FIG. 3 also illustrates another problem caused by the gap between the LCD and the protective layer, namely the parallax error that occurs when using input/output devices with a protective layer spaced from an LCD by a gap. The display device comprises a digitizer 10, a backlight 11 mounted on the digitizer, and an LCD panel 12 mounted on the backlight. The LCD panel comprises a plurality of layers, namely, from bottom to top, a glass base 14, liquid crystal material 16, a color filter 18, a second glass base 20 and a polarizer 22. A protective panel 24 having a top surface 26 is mounted above LCD 14 and spaced therefrom by a gap 28. The distance between the top surface of the protective layer and the top of the color filter 18 where an image is created is denoted by the letter “h.”
A stylus 30 is used to write on the input/output device. (The stylus 30 is preferably cordless and batteryless such as a stylus available from Wacom Co., Ltd., and disclosed in U.S. Pat. No. 4,848,553.) As will be appreciated from FIG. 3, when stylus 30 contacts top surface 28 at point 32, a spot is created at point 34 directly beneath point 32. A ray of light is schematically shown by line 40 between point 34 and the user.
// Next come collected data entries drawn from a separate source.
lemma multilinear_deg_sum:
  fixes f :: "'s \<Rightarrow> 'a::ab_group_add list \<Rightarrow> 'a"
  assumes "module scale" "\<And>d. module.subspace scale (G d)"
    and "\<And>s. s \<in> S \<Longrightarrow> multilinear_deg scale G k (f s)"
  shows "multilinear_deg scale G k (\<lambda>as. \<Sum>s\<in>S. f s as)"
  unfolding multilinear_deg_def
proof (intro conjI allI impI)
  fix as :: "'a list" and j x y
  assume "length as = k \<and> j < k"
  then show "(\<Sum>s\<in>S. f s (as[j := x + y])) = (\<Sum>s\<in>S. f s (as[j := x])) + (\<Sum>s\<in>S. f s (as[j := y]))"
    using assms(3) by (simp add: multilinear_deg_def flip: sum.distrib)
next
  fix as :: "'a list" and j c x
  assume "length as = k \<and> j < k"
  then show "(\<Sum>s\<in>S. f s (as[j := scale c x])) = scale c (\<Sum>s\<in>S. f s (as[j := x]))"
    using assms(3) by (simp add: multilinear_deg_def module.scale_sum_right[OF assms(1)])
next
  fix as :: "'a list" and ds
  assume "length as = k \<and> length ds = k \<and> (\<forall>j<k. as ! j \<in> G (ds ! j))"
  then show "(\<Sum>s\<in>S. f s as) \<in> G (sum_list ds + int k - 2)"
    using assms(3) by (intro module.subspace_sum[OF assms(1,2)]) (auto simp: multilinear_deg_def)
qed

lemma sum_nat_ivl_split:
  fixes f :: "nat \<Rightarrow> 'a::comm_monoid_add"
  assumes "l \<le> k + 1" "k \<le> u"
  shows "sum f {l..u} = sum f {l..k} + sum f {k + 1..u}"
  using sum.ub_add_nat[OF assms(1), of f "u - k"] assms(2) by simp

lemma length_lab_comp:
  "1 \<le> i \<Longrightarrow> i \<le> m \<Longrightarrow> 1 \<le> n \<Longrightarrow> length al = m + n - 1 \<Longrightarrow> length (lab_comp i n al) = m"
  unfolding lab_comp_def by auto

lemma length_arg_comp:
  "1 \<le> i \<Longrightarrow> i \<le> m \<Longrightarrow> 1 \<le> n \<Longrightarrow> length as = m + n - 1 \<Longrightarrow> length (arg_comp i n b as) = m"
  unfolding arg_comp_def by auto

lemma arg_comp_eq_update:
  "i - 1 < length as \<Longrightarrow> arg_comp i n b as = (arg_comp i n 0 as)[i - 1 := b]"
  unfolding arg_comp_def by (simp add: list_update_append)

lemma sum_R0_eta_Ri:
  assumes f_i: "multilinear_deg scale G m (f i)"
    and i: "1 \<le> i" "i \<le> m" and n: "1 \<le> n" and as: "length as = m + n - 1"
  shows "(\<Sum>r = 1..m + n - 1. f (R0 i n r) (arg_comp i n (eta_Ri \<eta> i n r bl bs) as))
       = (\<Sum>s = 1..m. f s (arg_comp i n (\<Sum>t = 1..n. \<eta> n t bl bs) as))"
proof -
  define A where "A b = arg_comp i n b as" for b
  define P where "P r = f (R0 i n r) (A (eta_Ri \<eta> i n r bl bs))" for r
  define F where "F s = f s (A (\<Sum>t = 1..n. \<eta> n t bl bs))" for s
  have A_update: "A b = (arg_comp i n 0 as)[i - 1 := b]" for b
    unfolding A_def using i n as by (intro arg_comp_eq_update) simp
  have len_A: "length (arg_comp i n 0 as) = m"
    using length_arg_comp[OF i n as] .
  have before: "(\<Sum>r = 1..i - 1. P r) = (\<Sum>s = 1..i - 1. F s)"
    by (rule sum.cong) (use i n in \<open>auto simp: P_def F_def R0_def eta_Ri_def\<close>)
  have "(\<Sum>r = i..i + n - 1. P r) = (\<Sum>t = 1..n. P (t + (i - 1)))"
    using i n sum.shift_bounds_cl_nat_ivl[of P 1 "i - 1" n] by (simp add: add.commute)
  also have "\<dots> = (\<Sum>t = 1..n. f i ((arg_comp i n 0 as)[i - 1 := \<eta> n t bl bs]))"
    by (rule sum.cong) (use i n in \<open>auto simp: P_def R0_def eta_Ri_def A_update\<close>)
  also have "\<dots> = F i"
    unfolding F_def A_update
    using multilinear_deg_update_sum[OF f_i len_A, of "i - 1" "{1..n}"] i by simp
  finally have block: "(\<Sum>r = i..i + n - 1. P r) = F i" .
  have "(\<Sum>r = i + n..m + n - 1. P r) = (\<Sum>s = i + 1..m. P (s + (n - 1)))"
    using i n sum.shift_bounds_cl_nat_ivl[of P "i + 1" "n - 1" m] by simp
  also have "\<dots> = (\<Sum>s = i + 1..m. F s)"
    by (rule sum.cong) (use i n in \<open>auto simp: P_def F_def R0_def eta_Ri_def\<close>)
  finally have after: "(\<Sum>r = i + n..m + n - 1. P r) = (\<Sum>s = i + 1..m. F s)" .
  have "(\<Sum>r = 1..m + n - 1. P r)
      = (\<Sum>r = 1..i - 1. P r) + (\<Sum>r = i..i + n - 1. P r) + (\<Sum>r = i + n..m + n - 1. P r)"
    using i n sum_nat_ivl_split[of 1 "i - 1" "m + n - 1" P] sum_nat_ivl_split[of i "i + n - 1" "m + n - 1" P]
    by (simp add: add.assoc)
  also have "\<dots> = (\<Sum>s = 1..i - 1. F s) + F i + (\<Sum>s = i + 1..m. F s)"
    using before block after by simp
  also have "\<dots> = (\<Sum>s = 1..m. F s)"
    using i sum_nat_ivl_split[of 1 "i - 1" m F] sum_nat_ivl_split[of i i m F] by (simp add: add.assoc)
  finally show ?thesis unfolding P_def F_def A_def .
qed

lemma dend_inf_family_stasheff_relation:
  assumes M: "module scale" and dend: "dend_inf_family scale G \<eta>"
    and N: "1 \<le> N" and lengths: "length al = N" "length as = N" "length ds = N"
    and homogeneous: "\<forall>j<N. as ! j \<in> G (ds ! j)"
  shows "(\<Sum>m = 1..N. \<Sum>i = 1..m.
           scale (stasheff_sign i (N + 1 - m) ds)
             (\<Sum>s = 1..m. \<eta> m s (lab_comp i (N + 1 - m) al)
               (arg_comp i (N + 1 - m)
                 (\<Sum>t = 1..N + 1 - m. \<eta> (N + 1 - m) t (blk i (N + 1 - m) al) (blk i (N + 1 - m) as))
                 as))) = 0" (is "?lhs = 0")
proof -
  define T where "T m i r =
    scale (stasheff_sign i (N + 1 - m) ds)
      (\<eta> m (R0 i (N + 1 - m) r) (lab_comp i (N + 1 - m) al)
        (arg_comp i (N + 1 - m)
          (eta_Ri \<eta> i (N + 1 - m) r (blk i (N + 1 - m) al) (blk i (N + 1 - m) as)) as))" for m i r
  have ml: "multilinear_deg scale G k (\<eta> k r al')"
    if "1 \<le> r" "r \<le> k" "length al' = k" for k r al'
    using dend that unfolding dend_inf_family_def by auto
  have "(\<Sum>m = 1..N. \<Sum>i = 1..m. T m i r) = 0" if "r \<in> {1..N}" for r
    using dend N lengths homogeneous that unfolding dend_inf_family_def T_def by blast
  then have "0 = (\<Sum>r = 1..N. \<Sum>m = 1..N. \<Sum>i = 1..m. T m i r)"
    by simp
  also have "\<dots> = (\<Sum>m = 1..N. \<Sum>i = 1..m. \<Sum>r = 1..N. T m i r)"
    by (subst sum.swap) (intro sum.cong refl sum.swap)
  also have "\<dots> = ?lhs"
  proof (intro sum.cong refl)
    fix m i
    assume m: "m \<in> {1..N}" and i: "i \<in> {1..m}"
    then have N_eq: "N = m + (N + 1 - m) - 1"
      by auto
    have "(\<Sum>r = 1..N. T m i r) = scale (stasheff_sign i (N + 1 - m) ds)
        (\<Sum>r = 1..m + (N + 1 - m) - 1. \<eta> m (R0 i (N + 1 - m) r) (lab_comp i (N + 1 - m) al)
          (arg_comp i (N + 1 - m)
            (eta_Ri \<eta> i (N + 1 - m) r (blk i (N + 1 - m) al) (blk i (N + 1 - m) as)) as))"
      unfolding T_def module.scale_sum_right[OF M] using N_eq by simp
    also have "\<dots> = scale (stasheff_sign i (N + 1 - m) ds)
        (\<Sum>s = 1..m. \<eta> m s (lab_comp i (N + 1 - m) al)
          (arg_comp i (N + 1 - m)
            (\<Sum>t = 1..N + 1 - m. \<eta> (N + 1 - m) t (blk i (N + 1 - m) al) (blk i (N + 1 - m) as)) as))"
      using m i lengths N_eq
      by (subst sum_R0_eta_Ri[where scale = scale and G = G]) (auto intro!: ml length_lab_comp)
    finally show "(\<Sum>r = 1..N. T m i r) = \<dots>" .
  qed
  finally show ?thesis by simp
qed

theorem proposition5p10:
  fixes scale :: "'k::comm_ring_1 \<Rightarrow> 'a::ab_group_add \<Rightarrow> 'a"
    and G :: "int \<Rightarrow> 'a set"
    and \<eta> :: "nat \<Rightarrow> nat \<Rightarrow> 'o::semigroup_mult list \<Rightarrow> 'a list \<Rightarrow> 'a"
  assumes "CHAR('k) = 0"
    and "graded_module scale G"
    and "dend_inf_family scale G \<eta>"
  shows "A_inf_algebra scale G (\<lambda>k al as. \<Sum>r = 1..k. \<eta> k r al as)"
proof -
  have M: "module scale" and subspaces: "\<And>d. module.subspace scale (G d)"
    using assms(2) unfolding graded_module_def by auto
  have "multilinear_deg scale G k (\<lambda>as. \<Sum>r = 1..k. \<eta> k r al as)" if "length al = k" for k al
    using assms(3) that
    by (intro multilinear_deg_sum[OF M subspaces]) (auto simp: dend_inf_family_def)
  then show ?thesis
    using dend_inf_family_stasheff_relation[OF M assms(3)] unfolding A_inf_algebra_def by auto
qed

end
Due to the different indices of refraction of the glass in the LCD, the layer of protective material and the air in the gap and surrounding the unit, point 34 will appear to the user to be located at point 38 on the surface 28 of the protective layer at a distance d from point 32 rather than at point 32 under the tip of the stylus. This error becomes more pronounced at greater viewing angles, and decreases the accuracy with which a user can position the stylus.
It would therefore be desirable to provide an input/output device that minimizes parallax error by reducing the gap between the protective layer and the LCD without causing image distortion on the LCD when a stylus is used to write on the device.